(Items from a dataset)
(* Let $h_6$ be the real two-photon Lie algebra. A Lie bialgebra structure $\delta$ on $h_6$ satisfies $\delta(A_+)=0$ if and only if there exist real numbers $a_1,a_3,a_4,a_5,b_3,c_1$ with $$a_1a_4+a_5c_1=0$$ such that $\delta(X)=[1\otimes X+X\otimes 1,\,r]$ for all $X\in h_6$, where $$r=a_1\,N\wedge A_++a_3\,A_+\wedge M+a_4\,B_+\wedge M+a_5\,A_+\wedge B_++b_3\,A_-\wedge M+c_1\,(N\wedge M-A_+\wedge A_-).$$ Explicitly, $\delta(A_+)=\delta(M)=0$ and $\delta(N)=a_1N\wedge A_++a_3A_+\wedge M+2a_4B_+\wedge M+3a_5A_+\wedge B_+-b_3A_-\wedge M$, $\delta(A_-)=a_1(N\wedge M-A_+\wedge A_-)+2a_4A_+\wedge M-a_5B_+\wedge M+2c_1A_-\wedge M$, $\delta(B_+)=2a_1A_+\wedge B_+-2b_3A_+\wedge M-2c_1B_+\wedge M$, $\delta(B_-)=2a_1(N\wedge A_--A_+\wedge B_-)+2a_3A_-\wedge M+4a_4N\wedge M-2a_5(2N\wedge A_+-A_-\wedge B_+-A_+\wedge M)+2c_1B_-\wedge M$. Moreover, $r$ satisfies the classical Yang–Baxter equation $[[r,r]]=0$ (non-standard case) if and only if $a_1b_3-c_1^2=0$, and otherwise it is standard.
   Context: The two-photon Lie algebra $h_6$ is the real Lie algebra with basis $\{N,A_+,A_-,B_+,B_-,M\}$ and brackets $[N,A_+]=A_+$, $[N,A_-]=-A_-$, $[A_-,A_+]=M$, $[N,B_+]=2B_+$, $[N,B_-]=-2B_-$, $[B_-,B_+]=4N+2M$, $[A_+,B_-]=-2A_-$, $[A_+,B_+]=0$, $[A_-,B_+]=2A_+$, $[A_-,B_-]=0$, and $M$ central. A Lie bialgebra structure on a Lie algebra $g$ is a linear map $\delta:g\to g\otimes g$ which is a 1-cocycle, i.e. $\delta([X,Y])=[\delta(X),1\otimes Y+Y\otimes 1]+[1\otimes X+X\otimes 1,\delta(Y)]$, and whose dual map $g^*\otimes g^*\to g^*$ is a Lie bracket. For $r=\sum r^{ij}X_i\otimes X_j\in g\wedge g$, the Schouten bracket is $[[r,r]]=[r_{12},r_{13}]+[r_{12},r_{23}]+[r_{13},r_{23}]$ with $r_{12}=\sum r^{ij}X_i\otimes X_j\otimes 1$, $r_{13}=\sum r^{ij}X_i\otimes 1\otimes X_j$, $r_{23}=\sum r^{ij}1\otimes X_i\otimes X_j$. Here $X\wedge Y=X\otimes Y-Y\otimes X$. *)

theory Defs
  imports Complex_Main
begin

EXERCISE -
Type out every record above once more, exactly.

RESULT FOR THIS TASK -
(* Let $h_6$ be the real two-photon Lie algebra. A Lie bialgebra structure $\delta$ on $h_6$ satisfies $\delta(A_+)=0$ if and only if there exist real numbers $a_1,a_3,a_4,a_5,b_3,c_1$ with $$a_1a_4+a_5c_1=0$$ such that $\delta(X)=[1\otimes X+X\otimes 1,\,r]$ for all $X\in h_6$, where $$r=a_1\,N\wedge A_++a_3\,A_+\wedge M+a_4\,B_+\wedge M+a_5\,A_+\wedge B_++b_3\,A_-\wedge M+c_1\,(N\wedge M-A_+\wedge A_-).$$ Explicitly, $\delta(A_+)=\delta(M)=0$ and $\delta(N)=a_1N\wedge A_++a_3A_+\wedge M+2a_4B_+\wedge M+3a_5A_+\wedge B_+-b_3A_-\wedge M$, $\delta(A_-)=a_1(N\wedge M-A_+\wedge A_-)+2a_4A_+\wedge M-a_5B_+\wedge M+2c_1A_-\wedge M$, $\delta(B_+)=2a_1A_+\wedge B_+-2b_3A_+\wedge M-2c_1B_+\wedge M$, $\delta(B_-)=2a_1(N\wedge A_--A_+\wedge B_-)+2a_3A_-\wedge M+4a_4N\wedge M-2a_5(2N\wedge A_+-A_-\wedge B_+-A_+\wedge M)+2c_1B_-\wedge M$. Moreover, $r$ satisfies the classical Yang–Baxter equation $[[r,r]]=0$ (non-standard case) if and only if $a_1b_3-c_1^2=0$, and otherwise it is standard.
   Context: The two-photon Lie algebra $h_6$ is the real Lie algebra with basis $\{N,A_+,A_-,B_+,B_-,M\}$ and brackets $[N,A_+]=A_+$, $[N,A_-]=-A_-$, $[A_-,A_+]=M$, $[N,B_+]=2B_+$, $[N,B_-]=-2B_-$, $[B_-,B_+]=4N+2M$, $[A_+,B_-]=-2A_-$, $[A_+,B_+]=0$, $[A_-,B_+]=2A_+$, $[A_-,B_-]=0$, and $M$ central. A Lie bialgebra structure on a Lie algebra $g$ is a linear map $\delta:g\to g\otimes g$ which is a 1-cocycle, i.e. $\delta([X,Y])=[\delta(X),1\otimes Y+Y\otimes 1]+[1\otimes X+X\otimes 1,\delta(Y)]$, and whose dual map $g^*\otimes g^*\to g^*$ is a Lie bracket. For $r=\sum r^{ij}X_i\otimes X_j\in g\wedge g$, the Schouten bracket is $[[r,r]]=[r_{12},r_{13}]+[r_{12},r_{23}]+[r_{13},r_{23}]$ with $r_{12}=\sum r^{ij}X_i\otimes X_j\otimes 1$, $r_{13}=\sum r^{ij}X_i\otimes 1\otimes X_j$, $r_{23}=\sum r^{ij}1\otimes X_i\otimes X_j$. Here $X\wedge Y=X\otimes Y-Y\otimes X$. *)

theory Defs
  imports Complex_Main
begin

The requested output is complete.